Activity →
Among the entries below, find all lines that include "subseteq" and copy them.

Collected data:
lemma AQ_boundary_Suc_halves:
  assumes "m \<ge> 1" "S \<subseteq> Pow {1..Suc m}"
  obtains S0 S1 where "S0 \<subseteq> Pow {1..m}" "S1 \<subseteq> Pow {1..m}" "card S0 + card S1 = card S"
    "AQ_boundary m S0 + AQ_boundary m S1 + 2 * card S0 \<le> AQ_boundary (Suc m) S + 2 * card S1"
    "AQ_boundary m S0 + AQ_boundary m S1 + 2 * card S1 \<le> AQ_boundary (Suc m) S + 2 * card S0"
proof -
  define S0 where "S0 = {X \<in> S. Suc m \<notin> X}"
  define S1' where "S1' = {X \<in> S. Suc m \<in> X}"
  define S1 where "S1 = (\<lambda>X. sym_diff X {Suc m}) ` S1'"
  define H where "H = {{Suc m}, {1..Suc m}}"
  have fin: "finite S" "finite S1'"
    using assms(2) by (auto simp: S1'_def intro: finite_subset)
  have parts: "S - S0 = S1'" "S - S1' = S0"
    unfolding S0_def S1'_def by auto
  have card_S1: "card S1 = card S1'"
    unfolding S1_def by (rule card_image) (auto simp: inj_on_def sym_diff_eq_iff_right)
  have "S0 \<subseteq> S"
    by (simp add: S0_def)
  then have card_S: "card S = card S0 + card S1'"
    using card_Diff_subset[of S0 S] card_mono[of S S0] fin(1) parts(1) finite_subset by fastforce
  have split: "AQ_boundary (Suc m) S = AQ_boundary m S0 + AQ_boundary m S1 + cayley_boundary H S"
    unfolding S0_def S1_def S1'_def H_def cayley_boundary_translate by (rule AQ_boundary_Suc_eq[OF assms(1) fin(1)])
  have "1 \<in> {1..Suc m}" "1 \<notin> {Suc m}"
    using assms(1) by auto
  then have "card H = 2"
    unfolding H_def by (metis card_2_iff)
  moreover have "card H * card S0 \<le> cayley_boundary H S + card H * card (S - S0)"
    by (rule cayley_boundary_ge_cross) (use fin in \<open>auto simp: S0_def H_def\<close>)
  moreover have "card H * card S1' \<le> cayley_boundary H S + card H * card (S - S1')"
    by (rule cayley_boundary_ge_cross) (use fin in \<open>auto simp: S1'_def H_def\<close>)
  ultimately have cross: "2 * card S0 \<le> cayley_boundary H S + 2 * card S1"
    "2 * card S1 \<le> cayley_boundary H S + 2 * card S0"
    using parts card_S1 by simp_all
  show thesis
  proof (rule that)
    show "S0 \<subseteq> Pow {1..m}" "S1 \<subseteq> Pow {1..m}"
      using assms(2) by (auto simp: S0_def S1_def S1'_def subset_iff le_Suc_eq)
  qed (use card_S card_S1 split cross in simp_all)
qed

section \<open>The isoperimetric bound\<close>

text \<open>The value 6m - 10 instead of 6m - 9 in the last case makes it valid
  already in AQ_3, where a 4-set can have only 8 boundary edges.\<close>

definition iso_bound :: "nat \<Rightarrow> nat \<Rightarrow> nat" where
  "iso_bound m k = (let j = min k (2 ^ m - k) in
     if j = 0 then 0 else if j = 1 then 2 * m - 1 else if j = 2 then 4 * m - 4 else 6 * m - 10)"

lemma three_mult_le_power_two: "m \<ge> 3 \<Longrightarrow> 3 * m \<le> 2 ^ m + (1::nat)"
  by (induction m rule: nat_induct_at_least) auto

lemma iso_bound_cases:
  assumes "m \<ge> 2" "k \<le> 2 ^ m"
  shows "(k = 0 \<or> k = 2 ^ m) \<and> iso_bound m k = 0 \<or>
    (k = 1 \<or> k + 1 = 2 ^ m) \<and> iso_bound m k + 1 = 2 * m \<or>
    (k = 2 \<or> k + 2 = 2 ^ m) \<and> iso_bound m k + 4 = 4 * m \<or>
    3 \<le> k \<and> k + 3 \<le> 2 ^ m \<and> iso_bound m k + 10 = 6 * m"
  using assms by (auto simp: iso_bound_def Let_def min_def)

lemma iso_bound_Suc:
  assumes "m \<ge> 3" "a \<le> 2 ^ m" "b \<le> 2 ^ m" "5 \<le> a + b" "a + b + 5 \<le> 2 ^ Suc m"
    "iso_bound m a + iso_bound m b + 2 * a \<le> t + 2 * b"
    "iso_bound m a + iso_bound m b + 2 * b \<le> t + 2 * a"
  shows "6 * Suc m \<le> t + 9"
proof -
  have "m \<ge> 2"
    using assms(1) by simp
  then show ?thesis
    using iso_bound_cases[OF _ assms(2)] iso_bound_cases[OF _ assms(3)] assms
      three_mult_le_power_two[OF assms(1)] power_Suc[of "2::nat" m]
    by (auto; linarith)
qed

Your response →
  assumes "m \<ge> 1" "S \<subseteq> Pow {1..Suc m}"
  obtains S0 S1 where "S0 \<subseteq> Pow {1..m}" "S1 \<subseteq> Pow {1..m}" "card S0 + card S1 = card S"
  have "S0 \<subseteq> S"
    show "S0 \<subseteq> Pow {1..m}" "S1 \<subseteq> Pow {1..m}"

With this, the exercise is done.